(* Chains are determined by their columns: remove the common top element and induct. *)
lemma chain_determined_by_columns:
  assumes "\<forall>I\<in>#L. length I = k" "\<forall>I\<in>#L'. length I = k"
    "\<forall>I\<in>#L. \<forall>J\<in>#L. entrywise_le k I J \<or> entrywise_le k J I"
    "\<forall>I\<in>#L'. \<forall>J\<in>#L'. entrywise_le k I J \<or> entrywise_le k J I"
    "same_columns k L L'"
  shows "L = L'"
  using assms
proof (induction "size L" arbitrary: L L')
  case 0 then show ?case by (simp add: same_columns_def)
next
  case (Suc s)
  then have ne: "L \<noteq> {#}" "L' \<noteq> {#}" by (auto simp: same_columns_def)
  obtain m where m: "m \<in># L" "\<And>a. 1 \<le> a \<Longrightarrow> a \<le> k \<Longrightarrow> ent m a = Max_mset (column a L)"
    using chain_top_element[OF ne(1) Suc.prems(3)] by blast
  obtain m' where m': "m' \<in># L'" "\<And>a. 1 \<le> a \<Longrightarrow> a \<le> k \<Longrightarrow> ent m' a = Max_mset (column a L')"
    using chain_top_element[OF ne(2) Suc.prems(4)] by blast
  have "m = m'"
  proof (rule nth_equalityI)
    show "length m = length m'" using m(1) m'(1) Suc.prems(1,2) by simp
    fix i assume "i < length m"
    then have "1 \<le> Suc i" "Suc i \<le> k" using m(1) Suc.prems(1) by auto
    then have "ent m (Suc i) = ent m' (Suc i)" using m(2) m'(2) Suc.prems(5) by (simp add: same_columns_def)
    then show "m ! i = m' ! i" by (simp add: ent_def)
  qed
  obtain R R' where R: "L = add_mset m R" "L' = add_mset m R'"
    using m(1) m'(1) \<open>m = m'\<close> by (metis multi_member_split)
  have "R = R'"
  proof (rule Suc.hyps(1))
    show "s = size R" using Suc.hyps(2) R(1) by simp
    show "\<forall>I\<in>#R. length I = k" "\<forall>I\<in>#R'. length I = k"
      using Suc.prems(1,2) unfolding R by auto
    show "\<forall>I\<in>#R. \<forall>J\<in>#R. entrywise_le k I J \<or> entrywise_le k J I"
      "\<forall>I\<in>#R'. \<forall>J\<in>#R'. entrywise_le k I J \<or> entrywise_le k J I"
      using Suc.prems(3,4) unfolding R by auto
    show "same_columns k R R'" using Suc.prems(5) unfolding R by (simp add: same_columns_def column_def)
  qed
  then show ?case using R by simp
qed

lemma nonnesting_determined_by_columns:
  assumes "increasing_vectors k L" "increasing_vectors k L'"
    "\<forall>I\<in>#L. \<forall>J\<in>#L. nonnesting k I J" "\<forall>I\<in>#L'. \<forall>J\<in>#L'. nonnesting k I J"
    "same_columns k L L'"
  shows "L = L'"
proof (rule chain_determined_by_columns)
  have chain: "\<forall>I\<in>#M. \<forall>J\<in>#M. entrywise_le k I J \<or> entrywise_le k J I"
    if incr: "increasing_vectors k M" and nn: "\<forall>I\<in>#M. \<forall>J\<in>#M. nonnesting k I J" for M
  proof (intro ballI)
    fix I J assume "I \<in># M" "J \<in># M"
    then show "entrywise_le k I J \<or> entrywise_le k J I"
      using incr nn nonnesting_comparable[of I k J] unfolding increasing_vectors_def by blast
  qed
  show "\<forall>I\<in>#L. \<forall>J\<in>#L. entrywise_le k I J \<or> entrywise_le k J I"
    "\<forall>I\<in>#L'. \<forall>J\<in>#L'. entrywise_le k I J \<or> entrywise_le k J I"
    using chain[OF assms(1,3)] chain[OF assms(2,4)] .
  show "\<forall>I\<in>#L. length I = k" "\<forall>I\<in>#L'. length I = k"
    using assms(1,2) by (auto simp: increasing_vectors_def)
qed (fact assms(5))
(* Let $F$ be a field of characteristic $0$, $V$ an $n$-dimensional $F$-vector space, $G\le\mathrm{GL}(V)$ a finite group generated by pseudo-reflections, and $M$ an $r$-dimensional $F[G]$-module. For all $1\le i,j\le r$ there is $L_{ij}\in\mathrm{S}(V)^G$ such that, as operators on $\mathrm{S}(V^* )\otimes\wedge M^*$, \[ d_i^*\delta_j^*+\delta_j^*d_i^*=\partial_{L_{ij}}. \]
   Context: $G$ acts contragrediently on $V^*,M^*$ and diagonally on tensor products of symmetric algebras $\mathrm{S}(\cdot)$ and exterior algebras $\wedge(\cdot)$. $(\mathrm{S}(V)\otimes M^* )^G$ is a free $\mathrm{S}(V)^G$-module with homogeneous basis $\tilde\omega_1^{M^*},\dots,\tilde\omega_r^{M^*}$, and $(\mathrm{S}(V)\otimes M)^G$ is a free $\mathrm{S}(V)^G$-module with homogeneous basis $\tilde\omega_1^{M},\dots,\tilde\omega_r^{M}$. For $s\in\mathrm{S}(V)$, $\partial_s$ is the constant-coefficient differential operator on $\mathrm{S}(V^* )$ ($\partial_v$ for $v\in V$ is the derivation with $\partial_v\lambda=\lambda(v)$ for $\lambda\in V^*$, extended multiplicatively in $s$), acting on $\mathrm{S}(V^* )\otimes\wedge M^*$ as $\partial_s\otimes\mathrm{id}$. For $\mu\in M^*$, $\epsilon_\mu$ is left exterior multiplication on $\wedge M^*$; for $m\in M$, $\iota_m$ is the interior product, the anti-derivation of $\wedge M^*$ with $\iota_m(\xi)=\xi(m)$ for $\xi\in M^*$. If $\tilde\omega_i^{M^*}=\sum_k s_k\otimes\mu_k$ then $d_i^*=\sum_k\partial_{s_k}\otimes\epsilon_{\mu_k}$; if $\tilde\omega_j^{M}=\sum_k t_k\otimes m_k$ then $\delta_j^*=\sum_k\partial_{t_k}\otimes\iota_{m_k}$. *)

theory Defs
  imports Main "HOL-Library.Poly_Mapping"
begin

text \<open>V has basis e_k (k :: 'n, a finite type, n = CARD('n)), so
S(V) = F[e_k] and S(V^*) = F[e^*_k]; both are modelled by the polynomial ring
('n \<Rightarrow>0 nat) \<Rightarrow>0 'a. M has basis b_k (k :: 'm, r = CARD('m)), M^* has the dual
basis b^*_k. Elements of S(V) (x) M and S(V) (x) M^* are coefficient families
'm \<Rightarrow> poly; elements of S(V^*) (x) \<wedge>M^* are families 'm set \<Rightarrow> poly
(coefficient of b^*_{i1} \<and> ... \<and> b^*_{ip}, i1 < ... < ip).\<close>

type_synonym ('n, 'a) spoly = "('n \<Rightarrow>\<^sub>0 nat) \<Rightarrow>\<^sub>0 'a"

definition const :: "'a::comm_ring_1 \<Rightarrow> ('n, 'a) spoly" where
  "const c = Poly_Mapping.single 0 c"

definition var :: "'n \<Rightarrow> ('n, 'a::comm_ring_1) spoly" where
  "var k = Poly_Mapping.single (Poly_Mapping.single k 1) 1"

text \<open>Matrices (linear maps w.r.t. the fixed bases): g i j = i-th coordinate of g(e_j).\<close>

definition mid :: "'n \<Rightarrow> 'n \<Rightarrow> 'a::comm_ring_1" where
  "mid i j = (if i = j then 1 else 0)"

definition mmult :: "('n \<Rightarrow> 'n \<Rightarrow> 'a::comm_ring_1) \<Rightarrow> ('n \<Rightarrow> 'n \<Rightarrow> 'a) \<Rightarrow> ('n::finite \<Rightarrow> 'n \<Rightarrow> 'a)" where
  "mmult A B i j = (\<Sum>l\<in>UNIV. A i l * B l j)"

definition matrix_group :: "('n::finite \<Rightarrow> 'n \<Rightarrow> 'a::field) set \<Rightarrow> bool" where
  "matrix_group G \<longleftrightarrow> mid \<in> G \<and> (\<forall>g\<in>G. \<forall>h\<in>G. mmult g h \<in> G)
      \<and> (\<forall>g\<in>G. \<exists>h\<in>G. mmult g h = mid \<and> mmult h g = mid)"

definition ginv :: "('n::finite \<Rightarrow> 'n \<Rightarrow> 'a::field) set \<Rightarrow> ('n \<Rightarrow> 'n \<Rightarrow> 'a) \<Rightarrow> ('n \<Rightarrow> 'n \<Rightarrow> 'a)" where
  "ginv G g = (THE h. h \<in> G \<and> mmult g h = mid \<and> mmult h g = mid)"

text \<open>Pseudo-reflection: g - 1 has rank one, i.e. g = 1 + a \<phi>^T with a, \<phi> nonzero.\<close>

definition pseudo_reflection :: "('n \<Rightarrow> 'n \<Rightarrow> 'a::field) \<Rightarrow> bool" where
  "pseudo_reflection g \<longleftrightarrow> (\<exists>a \<phi>. (\<exists>i. a i \<noteq> 0) \<and> (\<exists>j. \<phi> j \<noteq> 0) \<and> (\<forall>i j. g i j = mid i j + a i * \<phi> j))"

text \<open>Submonoid generated by a set (equals the generated subgroup for finite groups).\<close>

inductive_set generated :: "('n \<Rightarrow> 'n \<Rightarrow> 'a::comm_ring_1) set \<Rightarrow> ('n::finite \<Rightarrow> 'n \<Rightarrow> 'a) set"
  for R where
  gen_one: "mid \<in> generated R"
| gen_mult: "g \<in> R \<Longrightarrow> h \<in> generated R \<Longrightarrow> mmult g h \<in> generated R"

text \<open>Representation of G on M = F^r: rho g k l = k-th coordinate of g(b_l).\<close>

definition representation :: "('n::finite \<Rightarrow> 'n \<Rightarrow> 'a::field) set \<Rightarrow> (('n \<Rightarrow> 'n \<Rightarrow> 'a) \<Rightarrow> ('m::finite \<Rightarrow> 'm \<Rightarrow> 'a)) \<Rightarrow> bool" where
  "representation G \<rho> \<longleftrightarrow> \<rho> mid = mid \<and> (\<forall>g\<in>G. \<forall>h\<in>G. \<rho> (mmult g h) = mmult (\<rho> g) (\<rho> h))"

definition actS :: "('n::finite \<Rightarrow> 'n \<Rightarrow> 'a::comm_ring_1) \<Rightarrow> ('n, 'a) spoly \<Rightarrow> ('n, 'a) spoly" where
  "actS g p = (\<Sum>u\<in>Poly_Mapping.keys p. const (Poly_Mapping.lookup p u) *
       (\<Prod>k\<in>UNIV. (\<Sum>l\<in>UNIV. const (g l k) * var l) ^ Poly_Mapping.lookup u k))"

definition invariants :: "('n::finite \<Rightarrow> 'n \<Rightarrow> 'a::comm_ring_1) set \<Rightarrow> ('n, 'a) spoly set" where
  "invariants G = {p. \<forall>g\<in>G. actS g p = p}"

definition actSM :: "(('n \<Rightarrow> 'n \<Rightarrow> 'a) \<Rightarrow> ('m::finite \<Rightarrow> 'm \<Rightarrow> 'a)) \<Rightarrow> ('n::finite \<Rightarrow> 'n \<Rightarrow> 'a::field)
      \<Rightarrow> ('m \<Rightarrow> ('n, 'a) spoly) \<Rightarrow> ('m \<Rightarrow> ('n, 'a) spoly)" where
  "actSM \<rho> g t = (\<lambda>l. \<Sum>k\<in>UNIV. const (\<rho> g l k) * actS g (t k))"

text \<open>Diagonal action on S(V) (x) M^* (contragredient on M^*):
  g b^*_k = \<Sum>_l \<rho>(g^{-1}) k l b^*_l.\<close>

definition actSMd :: "('n::finite \<Rightarrow> 'n \<Rightarrow> 'a::field) set \<Rightarrow> (('n \<Rightarrow> 'n \<Rightarrow> 'a) \<Rightarrow> ('m::finite \<Rightarrow> 'm \<Rightarrow> 'a))
      \<Rightarrow> ('n \<Rightarrow> 'n \<Rightarrow> 'a) \<Rightarrow> ('m \<Rightarrow> ('n, 'a) spoly) \<Rightarrow> ('m \<Rightarrow> ('n, 'a) spoly)" where
  "actSMd G \<rho> g s = (\<lambda>l. \<Sum>k\<in>UNIV. const (\<rho> (ginv G g) k l) * actS g (s k))"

== == ==

> [PROBLEM TO WORK ON]
Look through the data above and report every line in which "auto" appears.

> [SOLVED PROBLEM]
  then have ne: "L \<noteq> {#}" "L' \<noteq> {#}" by (auto simp: same_columns_def)
    then have "1 \<le> Suc i" "Suc i \<le> k" using m(1) Suc.prems(1) by auto
      using Suc.prems(1,2) unfolding R by auto
      using Suc.prems(3,4) unfolding R by auto
    using assms(1,2) by (auto simp: increasing_vectors_def)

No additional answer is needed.